Multivariate Distributions

Multivariate Distributions#

Given a random vector \(X = \begin{pmatrix} X_1 \\ \vdots \\ X_k \end{pmatrix}\), the expected value is

\[\begin{split} EX = \begin{pmatrix} EX_1 \\ \vdots \\ EX_k \end{pmatrix} \end{split}\]

The covariance of a multivariate distribution is given as the following matrix:

\[\begin{split} \begin{align*} Cov(X) &= E[(X - EX)(X - EX)^T] \\ &= \begin{bmatrix} Cov(X_1, X_1) & Cov(X_2, X_1) & \dots & Cov(X_k, X_1) \\ Cov(X_1, X_2) & Cov(X_2, X_2) & \dots & Cov(X_k, X_2) \\ \vdots & \vdots & \ddots & \vdots \\ Cov(X_1, X_k) & Cov(X_2, X_k) & \dots & Cov(X_k, X_k) \end{bmatrix} \end{align*} \end{split}\]

Note that \(Cov(X_1, X_1) = Var(X_1)\) and \(Cov(X,Y) = E(X-EX)(Y-EY) = E(XY) - E(X)E(Y)\).

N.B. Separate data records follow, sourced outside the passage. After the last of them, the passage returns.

(* Let $\Omega\subset\mathbb{R}^d$ be a bounded connected open set with smooth boundary and $\mathbf{B}\in C^0(\overline\Omega,\mathbb{R}^{n\times d\times n})$. Then the integer $\dim E^x_{\mathbf{B}}\in\{0,\dots,n\}$ does not depend on $x\in\Omega$: $\dim E^{x_1}_{\mathbf{B}}=\dim E^{x_2}_{\mathbf{B}}$ for all $x_1,x_2\in\Omega$.
   Context: $\Gamma(x,y)=\{\boldsymbol\gamma\in C^1([0,1],\Omega):\boldsymbol\gamma(0)=x,\boldsymbol\gamma(1)=y\}$. For $\boldsymbol\gamma\in\Gamma(x,y)$, $R^{\boldsymbol\gamma}_{\mathbf{B}}(\mathbf{v})=\boldsymbol\varphi_{\mathbf{v}}(1)$ where $\boldsymbol\varphi_{\mathbf{v}}$ solves $\varphi_i'(t)=-\sum_{j,k}\mathbf{B}_{ijk}(\boldsymbol\gamma(t))\varphi_k(t)\gamma_j'(t)$ on $[0,1]$, $\boldsymbol\varphi(0)=\mathbf{v}$. $E^x_{\mathbf{B}}=\{\mathbf{v}\in\mathbb{R}^n:\forall y\in\Omega,\ \forall\boldsymbol\gamma_1,\boldsymbol\gamma_2\in\Gamma(x,y),\ R^{\boldsymbol\gamma_1}_{\mathbf{B}}(\mathbf{v})=R^{\boldsymbol\gamma_2}_{\mathbf{B}}(\mathbf{v})\}$, a linear subspace of $\mathbb{R}^n$. *)

theory Defs
  imports "HOL-Analysis.Analysis"
begin

fun Ck_on :: "nat \<Rightarrow> (real^'d) set \<Rightarrow> (real^'d \<Rightarrow> real) \<Rightarrow> bool" where
  "Ck_on 0 U f = continuous_on U f"
| "Ck_on (Suc k) U f = (f differentiable_on U \<and>
      (\<forall>i. Ck_on k U (\<lambda>x. frechet_derivative f (at x) (axis i 1))))"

Note that if \(D\) is a matrix of constants and \(\underset{l \times 1}{Y} = \underset{l \times k}{D} * \underset{k \times 1}{X}\), then

\[ EY = D * EX \]
\[\begin{split} \begin{align*} Cov(Y) &= E\left((Y-EY)(Y-EY)^T\right) \\ &= E\left(D(X-EX)(X-EX)^T D^T\right) \\ &= D * E\left((X-EX)(X-EX)^T\right) * D^T \\ &= D * Cov(X) * D^T \\ \end{align*} \end{split}\]

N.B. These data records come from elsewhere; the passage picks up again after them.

lemma W_has_real_derivative:
  assumes "x \<in> {-1<..<1}"
  shows "(W a b has_real_derivative W a b x * (b / (1 + x) - a / (1 - x))) (at x)"
proof -
  have "1 - x > 0" "1 + x > 0" using assms by auto
  then show ?thesis unfolding W_def
    by (auto intro!: derivative_eq_intros simp: powr_diff field_simps)
qed

lemma quasi_rational_on_reflect:
  assumes "quasi_rational_on S rho d"
  shows "quasi_rational_on (uminus ` S) (\<lambda>x. - rho (- x)) (\<lambda>x. d (- x))"
proof -
  obtain p q where deriv: "\<forall>x\<in>S. (rho has_real_derivative d x) (at x)"
    and "q \<noteq> 0" and ratio: "\<forall>x\<in>S. poly q x * d x = poly p x * rho x"
    using assms unfolding quasi_rational_on_def by blast
  have "((\<lambda>x. - rho (- x)) has_real_derivative d (- x)) (at x)" if "x \<in> uminus ` S" for x
  proof -
    have "((\<lambda>x. rho (- x)) has_real_derivative d (- x) * - 1) (at x)"
      using deriv that by (intro DERIV_chain2[of rho]) (auto intro!: derivative_eq_intros)
    then show ?thesis using DERIV_minus by fastforce
  qed
  moreover have "q \<circ>\<^sub>p [:0, -1:] \<noteq> 0" using \<open>q \<noteq> 0\<close> pcompose_eq_0 by fastforce
  moreover have "\<forall>x\<in>uminus ` S. poly (q \<circ>\<^sub>p [:0, -1:]) x * d (- x)
                   = poly (- (p \<circ>\<^sub>p [:0, -1:])) x * - rho (- x)"
    using ratio by (auto simp: poly_pcompose)
  ultimately show ?thesis unfolding quasi_rational_on_def by blast
qed

lemma has_qr_antiderivative_reflect:
  "has_qr_antiderivative S f \<Longrightarrow> has_qr_antiderivative (uminus ` S) (\<lambda>x. f (- x))"
  unfolding has_qr_antiderivative_def using quasi_rational_on_reflect by blast

lemma has_qr_antiderivative_W_swap:
  "has_qr_antiderivative {-1<..<1} (W b a) \<longleftrightarrow> has_qr_antiderivative {-1<..<1} (W a b)"
proof -
  have *: "has_qr_antiderivative {-1<..<1} (W a b)" if "has_qr_antiderivative {-1<..<1} (W b a)" for a b
  proof -
    have "uminus ` {-1<..<1::real} = {-1<..<1}" by simp
    moreover have "(\<lambda>x. W b a (- x)) = W a b" by (simp add: W_minus fun_eq_iff)
    ultimately show ?thesis using has_qr_antiderivative_reflect[OF that] by simp
  qed
  show ?thesis using *[of b a] *[of a b] by blast
qed

section \<open>The equation for R = rho / W\<close>

lemma poly_eq_0_if_infinite_roots:
  fixes p :: "'a::idom poly"
  assumes "infinite A" "\<forall>x\<in>A. poly p x = 0"
  shows "p = 0"
proof (rule ccontr)
  assume "p \<noteq> 0"
  then have "finite {x. poly p x = 0}" by (rule poly_roots_finite)
  moreover have "A \<subseteq> {x. poly p x = 0}" using assms(2) by blast
  ultimately show False using assms(1) finite_subset by blast
qed

(* q/p solves (1 - x^2) R' + (b (1 - x) - a (1 + x)) R = 1 - x^2, i.e. (R W)' = W, iff this
  vanishes: it is that equation multiplied by p^2. *)
definition ode_defect :: "real \<Rightarrow> real \<Rightarrow> real poly \<Rightarrow> real poly \<Rightarrow> real poly" where
  "ode_defect a b p q =
     [:1, 0, -1:] * (pderiv q * p - q * pderiv p) + [:b - a, - (a + b):] * p * q - [:1, 0, -1:] * p\<^sup>2"

lemma poly_ode_defect:
  "poly (ode_defect a b p q) x =
     (1 - x\<^sup>2) * (poly (pderiv q) x * poly p x - poly q x * poly (pderiv p) x)
     + (b * (1 - x) - a * (1 + x)) * poly p x * poly q x - (1 - x\<^sup>2) * (poly p x)\<^sup>2"
  by (simp add: ode_defect_def algebra_simps power2_eq_square)

lemma ode_defect_mult: "ode_defect a b (p * g) (q * g) = g\<^sup>2 * ode_defect a b p q"
  by (simp add: ode_defect_def pderiv_mult power2_eq_square algebra_simps)

lemma ode_defect_reflect:
  "ode_defect b a (p \<circ>\<^sub>p [:0, -1:]) (- (q \<circ>\<^sub>p [:0, -1:])) = ode_defect a b p q \<circ>\<^sub>p [:0, -1:]"
  by (rule poly_eq_poly_eq_iff[THEN iffD1], rule ext)
     (simp add: poly_ode_defect poly_pcompose pderiv_pcompose pderiv_minus pderiv_pCons
       algebra_simps power2_eq_square)

lemma ratio_times_W_has_real_derivative:
  assumes x: "x \<in> {-1<..<1}" and p: "poly p x \<noteq> 0"
  shows "((\<lambda>y. poly q y / poly p y * W a b y) has_real_derivative
           W a b x * (1 + poly (ode_defect a b p q) x / ((1 - x\<^sup>2) * (poly p x)\<^sup>2))) (at x)"
proof -
  have "1 - x \<noteq> 0" "1 + x \<noteq> 0" using x by auto
  have "((\<lambda>y. poly q y / poly p y * W a b y) has_real_derivative
          (poly (pderiv q) x * poly p x - poly q x * poly (pderiv p) x) / (poly p x * poly p x) * W a b x
          + W a b x * (b / (1 + x) - a / (1 - x)) * (poly q x / poly p x)) (at x)"
    by (rule DERIV_mult[OF DERIV_divide[OF poly_DERIV poly_DERIV p] W_has_real_derivative[OF x]])
  then show ?thesis
  proof (rule DERIV_cong)
    have "1 - x\<^sup>2 \<noteq> 0" using one_minus_square_pos[OF x] by simp
    have B: "b / (1 + x) - a / (1 - x) = (b * (1 - x) - a * (1 + x)) / (1 - x\<^sup>2)"
      using \<open>1 - x \<noteq> 0\<close> \<open>1 + x \<noteq> 0\<close> \<open>1 - x\<^sup>2 \<noteq> 0\<close>
      by (simp add: field_simps) (simp add: power2_eq_square algebra_simps)
    define s where "s = 1 - x\<^sup>2"
    have "s \<noteq> 0" unfolding s_def by fact
    then show "(poly (pderiv q) x * poly p x - poly q x * poly (pderiv p) x) / (poly p x * poly p x) * W a b x
          + W a b x * (b / (1 + x) - a / (1 - x)) * (poly q x / poly p x)
        = W a b x * (1 + poly (ode_defect a b p q) x / ((1 - x\<^sup>2) * (poly p x)\<^sup>2))"
      unfolding poly_ode_defect B s_def[symmetric] using p by (simp add: field_simps power2_eq_square)
  qed
qed

lemma ode_defect_eq_0_if_antiderivative:
  assumes deriv: "\<forall>x\<in>{-1<..<1}. (rho has_real_derivative W a b x) (at x)"
    and ratio: "\<forall>x\<in>{-1<..<1}. poly q x * W a b x = poly p x * rho x" and "p \<noteq> 0"
  shows "ode_defect a b p q = 0"
proof -
  define U where "U = {-1<..<1} - {x. poly p x = 0}"
  have roots: "finite {x. poly p x = 0}" using \<open>p \<noteq> 0\<close> by (rule poly_roots_finite)
  then have "open U" unfolding U_def by (intro open_Diff finite_imp_closed) auto
  have "infinite U" unfolding U_def using roots by (intro Diff_infinite_finite) auto
  moreover have "\<forall>x\<in>U. poly (ode_defect a b p q) x = 0"
  proof
    fix x assume "x \<in> U"
    then have x: "x \<in> {-1<..<1}" and px: "poly p x \<noteq> 0" unfolding U_def by auto
    have "(rho has_real_derivative
            W a b x * (1 + poly (ode_defect a b p q) x / ((1 - x\<^sup>2) * (poly p x)\<^sup>2))) (at x)"
      using ratio_times_W_has_real_derivative[OF x px] \<open>open U\<close> \<open>x \<in> U\<close>
    proof (rule has_field_derivative_transform_within_open)
      show "poly q y / poly p y * W a b y = rho y" if "y \<in> U" for y
        using ratio that unfolding U_def by (auto simp: field_simps)
    qed
    then have "W a b x * (1 + poly (ode_defect a b p q) x / ((1 - x\<^sup>2) * (poly p x)\<^sup>2)) = W a b x"
      using deriv x DERIV_unique by blast
    moreover have "W a b x \<noteq> 0" "1 - x\<^sup>2 \<noteq> 0"
      using W_pos[OF x, of a b] one_minus_square_pos[OF x] by auto
    ultimately show "poly (ode_defect a b p q) x = 0" using px by simp
  qed
  ultimately show ?thesis by (rule poly_eq_0_if_infinite_roots)
qed

lemma has_qr_antiderivative_imp_ode_solution:
  assumes "has_qr_antiderivative {-1<..<1} (W a b)"
  obtains p q where "ode_defect a b p q = 0" "p \<noteq> 0" "q \<noteq> 0" "coprime p q"
proof -
  obtain rho p q where deriv: "\<forall>x\<in>{-1<..<1}. (rho has_real_derivative W a b x) (at x)"
    and "q \<noteq> 0" and ratio: "\<forall>x\<in>{-1<..<1}. poly q x * W a b x = poly p x * rho x"
    using assms unfolding has_qr_antiderivative_def quasi_rational_on_def by blast
  have "p \<noteq> 0"
  proof
    assume "p = 0"
    have "\<forall>x\<in>{-1<..<1}. poly q x = 0"
      using ratio W_pos[of _ a b] \<open>p = 0\<close> by (metis mult_eq_0_iff less_irrefl poly_0)
    then show False using \<open>q \<noteq> 0\<close> poly_eq_0_if_infinite_roots[of "{-1<..<1::real}"] by simp
  qed
  then have defect: "ode_defect a b p q = 0"
    using ode_defect_eq_0_if_antiderivative[OF deriv ratio] by blast
  define g where "g = gcd p q"
  have "g \<noteq> 0" unfolding g_def using \<open>p \<noteq> 0\<close> by simp
  then obtain p' q' where pq: "p = p' * g" "q = q' * g" and "coprime p' q'"
    unfolding g_def using gcd_coprime_exists by blast
  have "g\<^sup>2 * ode_defect a b p' q' = 0" using defect pq ode_defect_mult by metis
  then have "ode_defect a b p' q' = 0" using \<open>g \<noteq> 0\<close> by simp
  moreover have "p' \<noteq> 0" "q' \<noteq> 0" using pq \<open>p \<noteq> 0\<close> \<open>q \<noteq> 0\<close> by auto
  ultimately show ?thesis using that \<open>coprime p' q'\<close> by blast
qed

lemma has_qr_antiderivative_if_ode_solution:
  assumes defect: "ode_defect a b p q = 0" and p: "\<forall>x\<in>{-1<..<1}. poly p x \<noteq> 0"
  shows "has_qr_antiderivative {-1<..<1} (W a b)"
proof -
  define rho where "rho y = poly q y / poly p y * W a b y" for y
  have "(rho has_real_derivative W a b x) (at x)" if "x \<in> {-1<..<1}" for x
    using ratio_times_W_has_real_derivative[OF that, of p q a b] p that defect
    unfolding rho_def[abs_def] by simp
  moreover have "q \<noteq> 0"
  proof
    assume "q = 0"
    then have "poly (ode_defect a b p q) 0 = - (poly p 0)\<^sup>2" by (simp add: poly_ode_defect)
    then show False using defect p by simp
  qed
  moreover have "\<forall>x\<in>{-1<..<1}. poly q x * W a b x = poly p x * rho x"
    using p by (simp add: rho_def)
  ultimately show ?thesis unfolding has_qr_antiderivative_def quasi_rational_on_def by blast
qed

section \<open>Local analysis at x = 1 and x = -1\<close>

lemma pderiv_linear_power:
  "[:c, d:] * pderiv ([:c, d:] ^ n) = smult (of_nat n * d) ([:c, d:] ^ n)"
proof (cases n)
  case (Suc k)
  define L where "L = [:c, d:]"
  have "pderiv L = [:d:]" by (simp add: L_def pderiv_pCons)
  then show ?thesis unfolding L_def[symmetric] Suc
    by (simp add: pderiv_power_Suc mult.commute[of _ "[:d:]"] del: power_Suc) (simp add: mult.commute)
qed simp

lemma ode_defect_order_at_1:
  assumes defect: "ode_defect a b p q = 0" and "p \<noteq> 0" and q1: "poly q 1 \<noteq> 0"
  shows "a = of_nat (order 1 p)"
proof -
  (* With p = (x - 1)^m r, the defect is (x - 1)^m F and F(1) = 2 (m - a) q(1) r(1). *)
  define m where "m = order 1 p"
  define L where "L = [:-1, 1::real:]"
  obtain r where p: "p = L ^ m * r" and "\<not> L dvd r"
    using order_decomp[OF \<open>p \<noteq> 0\<close>, of 1] unfolding m_def L_def by auto
  then have r1: "poly r 1 \<noteq> 0" by (simp add: L_def poly_eq_0_iff_dvd)
  have "L * pderiv (L ^ m) = smult (of_nat m) (L ^ m)"
    using pderiv_linear_power[of "-1" 1 m] unfolding L_def by (simp only: mult_1_right)
  moreover have "L * pderiv p = r * (L * pderiv (L ^ m)) + L ^ m * (L * pderiv r)"
    by (simp add: p pderiv_mult algebra_simps)
  ultimately have p': "L * pderiv p = L ^ m * (smult (of_nat m) r + L * pderiv r)"
    by (simp add: algebra_simps)
  define N M B where "N = [:1, 0, -1::real:]" and "M = [:1, 1::real:]" and "B = [:b - a, - (a + b):]"
  define F where "F = N * pderiv q * r + M * q * (smult (of_nat m) r + L * pderiv r) + B * r * q - N * L ^ m * r\<^sup>2"
  have "N = - (M * L)" by (simp add: N_def M_def L_def)
  then have "ode_defect a b p q = N * pderiv q * p + M * q * (L * pderiv p) + B * p * q - N * p\<^sup>2"
    unfolding ode_defect_def N_def[symmetric] B_def[symmetric] by (simp add: algebra_simps)
  also have "\<dots> = L ^ m * F"
    unfolding p' unfolding p F_def by (simp add: algebra_simps power2_eq_square)
  finally have "ode_defect a b p q = L ^ m * F" .
  then have "poly F 1 = 0" using defect by (simp add: L_def)
  then have "2 * (of_nat m - a) * (poly q 1 * poly r 1) = 0"
    by (simp add: F_def L_def N_def M_def B_def algebra_simps)
  then show ?thesis using q1 r1 by (simp add: m_def)
qed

The moment generating function of a \(k \times 1\) random vector \(X\) is a function of \(k\) real variables \(t_1, \dots, t_k\):

\[ M_X(t) = Ee^{tX}, \]

where \(t^T = (t_1, \dots, t_k)\). Note that \(Ee^{t^TX} = Ee^{\sum^k_{i=1} t_iX_i}\).